# [Task objective]
Scan the records below. Copy every line in which the word "lemma" appears.

Dataset entries:

····················

text \<open>Listing the parts of a counted partition in ascending order as
  \<open>(m_0)_(i_0), ..., (m_(k-1))_(i_(k-1))\<close>, zero weighted differences force
  \<open>m_(t+1) = m_t + i_t + i_(t+1)\<close> and the smallest part has \<open>m_0 = i_0\<close>. So the partition is
  determined by an arbitrary sequence of copy numbers \<open>i_t \<ge> 1\<close>, with
  \<open>m_t = 2(i_0 + ... + i_(t-1)) + i_t\<close>, and its weight is \<open>\<Sum>t<k. (2(k-1-t)+1) i_t\<close>.
  Summing over the independent \<open>i_t\<close> gives \<open>\<Prod>t<k. q^(2t+1) / (1 - q^(2t+1)) = q^(k^2) / (q;q^2)_k\<close>,
  and absolute convergence of the double sum over \<open>k\<close> and the copy numbers allows
  regrouping it by weight.\<close>

definition chain_part :: "(nat \<Rightarrow> nat) \<Rightarrow> nat \<Rightarrow> nat" where
  "chain_part i t = 2 * (\<Sum>s<t. i s) + i t"

definition chain_parts :: "nat \<Rightarrow> (nat \<Rightarrow> nat) \<Rightarrow> (nat \<times> nat) list" where
  "chain_parts k i = map (\<lambda>t. (chain_part i t, i t)) [0..<k]"

definition copy_seqs :: "nat \<Rightarrow> (nat \<Rightarrow> nat) set" where
  "copy_seqs k = PiE {..<k} (\<lambda>_. {1..})"

definition chain_weight :: "nat \<Rightarrow> (nat \<Rightarrow> nat) \<Rightarrow> nat" where
  "chain_weight k i = (\<Sum>t<k. (2 * (k - 1 - t) + 1) * i t)"

lemma copy_seqs_pos: "i \<in> copy_seqs k \<Longrightarrow> t < k \<Longrightarrow> 1 \<le> i t"
  by (auto simp: copy_seqs_def PiE_def Pi_def)

lemma chain_part_Suc: "chain_part i (Suc t) = chain_part i t + i t + i (Suc t)"
  by (simp add: chain_part_def)

lemma chain_part_strict_mono:
  assumes "t < t'" "1 \<le> i t" shows "chain_part i t < chain_part i t'"
proof -
  have "(\<Sum>s<Suc t. i s) \<le> (\<Sum>s<t'. i s)"
    using assms by (intro sum_mono2) auto
  thus ?thesis using assms by (simp add: chain_part_def)
qed
text \<open>Each edge of \<open>Q\<close> is connected to \<open>\<partial>P\<close> by the remainder of \<open>Q\<close>.\<close>
lemma Ppath_edges_in_interface:
  assumes D: "D \<in> comps V (E - dP)"
    and P: "P = {e \<in> E - dP. e \<subseteq> D \<and> connects_edge V E Pc dP e (dirs dP D)}"
    and pp: "Ppath V E Pc dP d j Q" and j: "j \<in> dirs dP D" and dD: "snd d \<in> D"
  shows "walk_edges Q \<subseteq> P"
proof
  fix e assume e: "e \<in> walk_edges Q"
  then obtain as a b bs where Q: "Q = as @ a # b # bs" and eab: "e = {a, b}" by (rule walk_edgesE)
  have pQ: "is_path V (E - dP) Q" and hQ: "hd Q = snd d" and lQ: "last Q = snd j"
    and ej: "{fst j, snd j} \<in> E" and pL: "is_path V E (fst d # Q @ [fst j])"
    using pp unfolding Ppath_def by auto
  obtain C where C: "C \<in> Pc" "walk_edges (fst d # Q @ [fst j]) \<subseteq> C"
    using pp unfolding Ppath_def by auto
  have eE: "e \<in> E - dP" using pQ e unfolding is_path_def by auto
  have "set Q \<subseteq> D"
    using walk_subset_comp[OF path_imp_walk[OF pQ]] comps_eq_comp[OF D dD] hQ dD by simp
  then have eD: "e \<subseteq> D" using walk_edge_subset[OF e] by (rule subset_trans[rotated])
  have L: "fst d # Q @ [fst j] = (fst d # as) @ (a # b # bs @ [fst j])" using Q by simp
  have "walk_edges (a # b # bs @ [fst j]) \<subseteq> C"
    using C(2) walk_edges_suffix[of "a # b # bs @ [fst j]" "fst d # as"] unfolding L by (rule order_trans[rotated])
  moreover have "is_path V (E - dP) (b # bs)"
    using is_path_suffix[of V "E - dP" "as @ [a]" "b # bs"] pQ Q by simp
  moreover have "is_path V E (a # b # bs @ [fst j])"
    using is_path_suffix[of V E "fst d # as" "a # b # bs @ [fst j]"] pL L by simp
  moreover have "last (b # bs) = snd j" using lQ Q by simp
  moreover have "{a, b} \<in> E" using eE eab by simp
  ultimately have "Ppath V E Pc dP (a, b) j (b # bs)"
    unfolding Ppath_def using C(1) ej by auto
  then have "connects_edge V E Pc dP e (dirs dP D)"
    unfolding connects_edge_def eab using j by blast
  then show "e \<in> P" unfolding P using eE eD by simp
qed
section \<open>The Schwarz--Pick inequality for conformal minimal immersions\<close>

lemma orthogonal_equal_norm_inner_sq_le:
  fixes e D D' :: "'a::real_inner"
  assumes "norm e = 1" "norm D = norm D'" "D \<bullet> D' = 0"
  shows "(e \<bullet> D)\<^sup>2 + (e \<bullet> D')\<^sup>2 \<le> (norm D)\<^sup>2"
proof -
  define a x where "a = (e \<bullet> D)\<^sup>2 + (e \<bullet> D')\<^sup>2" and "x = (e \<bullet> D) *\<^sub>R D + (e \<bullet> D') *\<^sub>R D'"
  have "e \<bullet> x = a"
    by (simp add: x_def a_def inner_add_right power2_eq_square)
  have "D' \<bullet> D' = D \<bullet> D"
    using assms(2) by (metis power2_norm_eq_inner)
  then have "(norm x)\<^sup>2 = a * (norm D)\<^sup>2"
    using assms(3) unfolding power2_norm_eq_inner
    by (simp add: x_def a_def inner_add_left inner_add_right inner_commute power2_eq_square algebra_simps)
  have "a\<^sup>2 \<le> (norm e)\<^sup>2 * (norm x)\<^sup>2"
    using Cauchy_Schwarz_ineq[of e x] \<open>e \<bullet> x = a\<close> by (simp add: power2_norm_eq_inner)
  then have "a\<^sup>2 \<le> a * (norm D)\<^sup>2"
    using \<open>norm e = 1\<close> \<open>(norm x)\<^sup>2 = a * (norm D)\<^sup>2\<close> by simp
  moreover have "a \<ge> 0"
    by (simp add: a_def)
  ultimately show ?thesis
    unfolding a_def[symmetric] by (cases "a = 0") (auto simp: power2_eq_square)
qed

lemma Bessel_inequality_two:
  fixes e d x :: "'a::real_inner"
  assumes "norm e = 1" "d \<bullet> e = 0" "norm d \<le> 1"
  shows "(e \<bullet> x)\<^sup>2 + (d \<bullet> x)\<^sup>2 \<le> (norm x)\<^sup>2"
proof -
  define y where "y = x - (e \<bullet> x) *\<^sub>R e"
  have "e \<bullet> e = 1"
    using \<open>norm e = 1\<close> by (simp add: norm_eq_1)
  then have "(norm y)\<^sup>2 = (norm x)\<^sup>2 - (e \<bullet> x)\<^sup>2"
    unfolding power2_norm_eq_inner y_def inner_diff_left inner_diff_right
    by (simp add: inner_commute[of x e] power2_eq_square)
  moreover have "d \<bullet> x = d \<bullet> y"
    using \<open>d \<bullet> e = 0\<close> by (simp add: y_def inner_diff_right)
  moreover have "(d \<bullet> y)\<^sup>2 \<le> (norm y)\<^sup>2"
  proof -
    have "(d \<bullet> y)\<^sup>2 \<le> (norm d)\<^sup>2 * (norm y)\<^sup>2"
      using Cauchy_Schwarz_ineq[of d y] by (simp add: power2_norm_eq_inner)
    also have "\<dots> \<le> (norm y)\<^sup>2"
      using \<open>norm d \<le> 1\<close> by (simp add: mult_left_le_one_le power_le_one)
    finally show ?thesis .
  qed
  ultimately show ?thesis
    by simp
qed

lemma exists_orthogonal_dominating:
  fixes e D D' :: "'a::real_inner"
  assumes "norm e = 1" "norm D = norm D'" "D \<bullet> D' = 0"
  obtains d where "d \<bullet> e = 0" "norm d \<le> 1" "e \<bullet> D \<le> d \<bullet> D'"
proof -
  define y where "y = D' - (e \<bullet> D') *\<^sub>R e"
  have "e \<bullet> e = 1"
    using \<open>norm e = 1\<close> by (simp add: norm_eq_1)
  then have "y \<bullet> e = 0" and y_D': "y \<bullet> D' = (norm y)\<^sup>2"
    and norm_y: "(norm y)\<^sup>2 = (norm D')\<^sup>2 - (e \<bullet> D')\<^sup>2"
    unfolding power2_norm_eq_inner y_def inner_diff_left inner_diff_right inner_scaleR_left
    by (simp_all add: inner_commute[of D' e] power2_eq_square)
  have "(e \<bullet> D)\<^sup>2 \<le> (norm y)\<^sup>2"
    using orthogonal_equal_norm_inner_sq_le[OF assms] norm_y \<open>norm D = norm D'\<close> by simp
  then have "e \<bullet> D \<le> norm y"
    using abs_le_square_iff[of "e \<bullet> D" "norm y"] by simp
  show thesis
  proof (cases "y = 0")
    case True
    then show thesis
      using \<open>e \<bullet> D \<le> norm y\<close> by (intro that[of 0]) auto
  next
    case False
    then show thesis
      using \<open>y \<bullet> e = 0\<close> y_D' \<open>e \<bullet> D \<le> norm y\<close>
      by (intro that[of "y /\<^sub>R norm y"]) (auto simp: power2_eq_square field_simps)
  qed
qed

lemma conformal_linear_map_rotation:
  fixes a b :: "'a::real_inner"
  assumes "a \<bullet> a = b \<bullet> b" "a \<bullet> b = 0"
  shows "norm (Re v *\<^sub>R a + Im v *\<^sub>R b) = norm (Re (\<i> * v) *\<^sub>R a + Im (\<i> * v) *\<^sub>R b)"
    and "(Re v *\<^sub>R a + Im v *\<^sub>R b) \<bullet> (Re (\<i> * v) *\<^sub>R a + Im (\<i> * v) *\<^sub>R b) = 0"
  using assms
  by (simp_all add: norm_eq_sqrt_inner inner_add_left inner_add_right inner_commute[of b a] algebra_simps)
(* Suppose that for an agent $i$ the local potential $\Phi_i$ admits a stage potential: there is $\varphi_i:\mathcal S\times\mathcal A\to[0,\overline\varphi]$ with $\Phi_i(\theta)=\mathbb E_{\xi^\theta}\left[\sum_{t\ge0}\gamma^t\varphi_i(s(t),a(t))\right]$ for all softmax parameters $\theta$ (with $s(0)\sim\mu$). Then for every integer $\kappa\ge0$ and all $\theta,\theta'$, $$\left|\Phi_i(\theta_{N_i^\kappa},\theta'_{-N_i^\kappa})-\Phi_i(\theta_{N_i^\kappa},\theta_{-N_i^\kappa})\right|\le\frac{\sqrt2\,\overline\varphi}{(1-\gamma)^2}\Big(\sum_{j\in-N_i^\kappa}|\mathcal A_j|\Big)\max_{j\in-N_i^\kappa}\|\theta_j'-\theta_j\|.$$
   Context: Networked Markov game. There are $n$ agents $\mathcal N=\{1,\dots,n\}$ placed at the nodes of an undirected graph $\mathcal G=(\mathcal N,\mathcal E)$ with graph distance $\mathrm{dist}$. For an integer $\kappa\ge0$, $N_i^\kappa=\{j\in\mathcal N:\mathrm{dist}(i,j)\le\kappa\}$ (so $i\in N_i^\kappa$), $\mathcal N_i=N_i^1$, $-N_i^\kappa=\mathcal N\setminus N_i^\kappa$, and $n(\kappa)=\max_i|N_i^\kappa|$. Agent $i$ has a finite local state space $\mathcal S_i$ and a finite local action space $\mathcal A_i$; $\mathcal S=\prod_i\mathcal S_i$, $\mathcal A=\prod_i\mathcal A_i$, and for $I\subseteq\mathcal N$ we write $s_I,a_I,\mathcal S_I,\mathcal A_I$ for the joint states/actions/spaces of the agents in $I$ (the subscript $-i$ means $\mathcal N\setminus\{i\}$). The dynamics are $\mathcal P(s'\mid s,a)=\prod_i\mathcal P_i(s_i'\mid s_{\mathcal N_i},a_i)$, the initial distribution is $\mu\in\Delta(\mathcal S)$, and $\gamma\in(0,1)$ is a discount factor. A joint policy $\xi=(\xi_1,\dots,\xi_n)$ acts by $\xi(a\mid s)=\prod_i\xi_i(a_i\mid s_i)$. Softmax policies: for $\theta_i\in\mathbb R^{|\mathcal S_i||\mathcal A_i|}$, $\xi_i^{\theta_i}(a_i\mid s_i)=\exp(\theta_{i,s_i,a_i})/\sum_{a_i'\in\mathcal A_i}\exp(\theta_{i,s_i,a_i'})$; $\theta=(\theta_1,\dots,\theta_n)$, $\xi^\theta=(\xi_1^{\theta_1},\dots,\xi_n^{\theta_n})$. Norms $\|\cdot\|$ are Euclidean; $(\theta_{N_i^\kappa},\theta'_{-N_i^\kappa})$ denotes the parameter equal to $\theta_j$ for $j\in N_i^\kappa$ and $\theta'_j$ otherwise. *)

theory Defs
  imports "HOL-Analysis.Analysis"
begin

text \<open>The undirected graph is given by a
symmetric edge relation E.
Joint states/actions are functions 'i => 's / 'i => 'a in the product sets.\<close>

definition graph_ball :: "('i \<Rightarrow> 'i \<Rightarrow> bool) \<Rightarrow> nat \<Rightarrow> 'i \<Rightarrow> 'i set" where
  "graph_ball E k i = {j. (i, j) \<in> ({(x, y). x = y \<or> E x y}) ^^ k}"
  \<comment> \<open>N_i^k = {j. dist(i,j) <= k}\<close>

definition joint_space :: "('i \<Rightarrow> 'b set) \<Rightarrow> ('i \<Rightarrow> 'b) set" where
  "joint_space X = PiE UNIV X"

definition softmax :: "('s \<Rightarrow> 'a \<Rightarrow> real) \<Rightarrow> 'a set \<Rightarrow> 's \<Rightarrow> 'a \<Rightarrow> real" where
  "softmax th Ai s a = exp (th s a) / (\<Sum>b\<in>Ai. exp (th s b))"

definition pol :: "('i::finite \<Rightarrow> 's \<Rightarrow> 'a \<Rightarrow> real) \<Rightarrow> ('i \<Rightarrow> 'a set)
     \<Rightarrow> ('i \<Rightarrow> 's) \<Rightarrow> ('i \<Rightarrow> 'a) \<Rightarrow> real" where
  "pol th A s a = (\<Prod>i\<in>UNIV. softmax (th i) (A i) (s i) (a i))"

definition joint_trans :: "('i::finite \<Rightarrow> ('i \<Rightarrow> 's) \<Rightarrow> 'a \<Rightarrow> 's \<Rightarrow> real)
     \<Rightarrow> ('i \<Rightarrow> 's) \<Rightarrow> ('i \<Rightarrow> 'a) \<Rightarrow> ('i \<Rightarrow> 's) \<Rightarrow> real" where
  "joint_trans P s a s' = (\<Prod>i\<in>UNIV. P i s (a i) (s' i))"

fun state_dist :: "('i::finite \<Rightarrow> 's set) \<Rightarrow> ('i \<Rightarrow> 'a set)
     \<Rightarrow> ('i \<Rightarrow> ('i \<Rightarrow> 's) \<Rightarrow> 'a \<Rightarrow> 's \<Rightarrow> real) \<Rightarrow> (('i \<Rightarrow> 's) \<Rightarrow> real)
     \<Rightarrow> ('i \<Rightarrow> 's \<Rightarrow> 'a \<Rightarrow> real) \<Rightarrow> nat \<Rightarrow> ('i \<Rightarrow> 's) \<Rightarrow> real" where
  "state_dist S A P mu th 0 s' = mu s'"
| "state_dist S A P mu th (Suc t) s' =
     (\<Sum>s\<in>joint_space S. \<Sum>a\<in>joint_space A.
        state_dist S A P mu th t s * pol th A s a * joint_trans P s a s')"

····················

# [Response to the task]
lemma copy_seqs_pos: "i \<in> copy_seqs k \<Longrightarrow> t < k \<Longrightarrow> 1 \<le> i t"
lemma chain_part_Suc: "chain_part i (Suc t) = chain_part i t + i t + i (Suc t)"
lemma chain_part_strict_mono:
lemma Ppath_edges_in_interface:
lemma orthogonal_equal_norm_inner_sq_le:
lemma Bessel_inequality_two:
lemma exists_orthogonal_dominating:
lemma conformal_linear_map_rotation:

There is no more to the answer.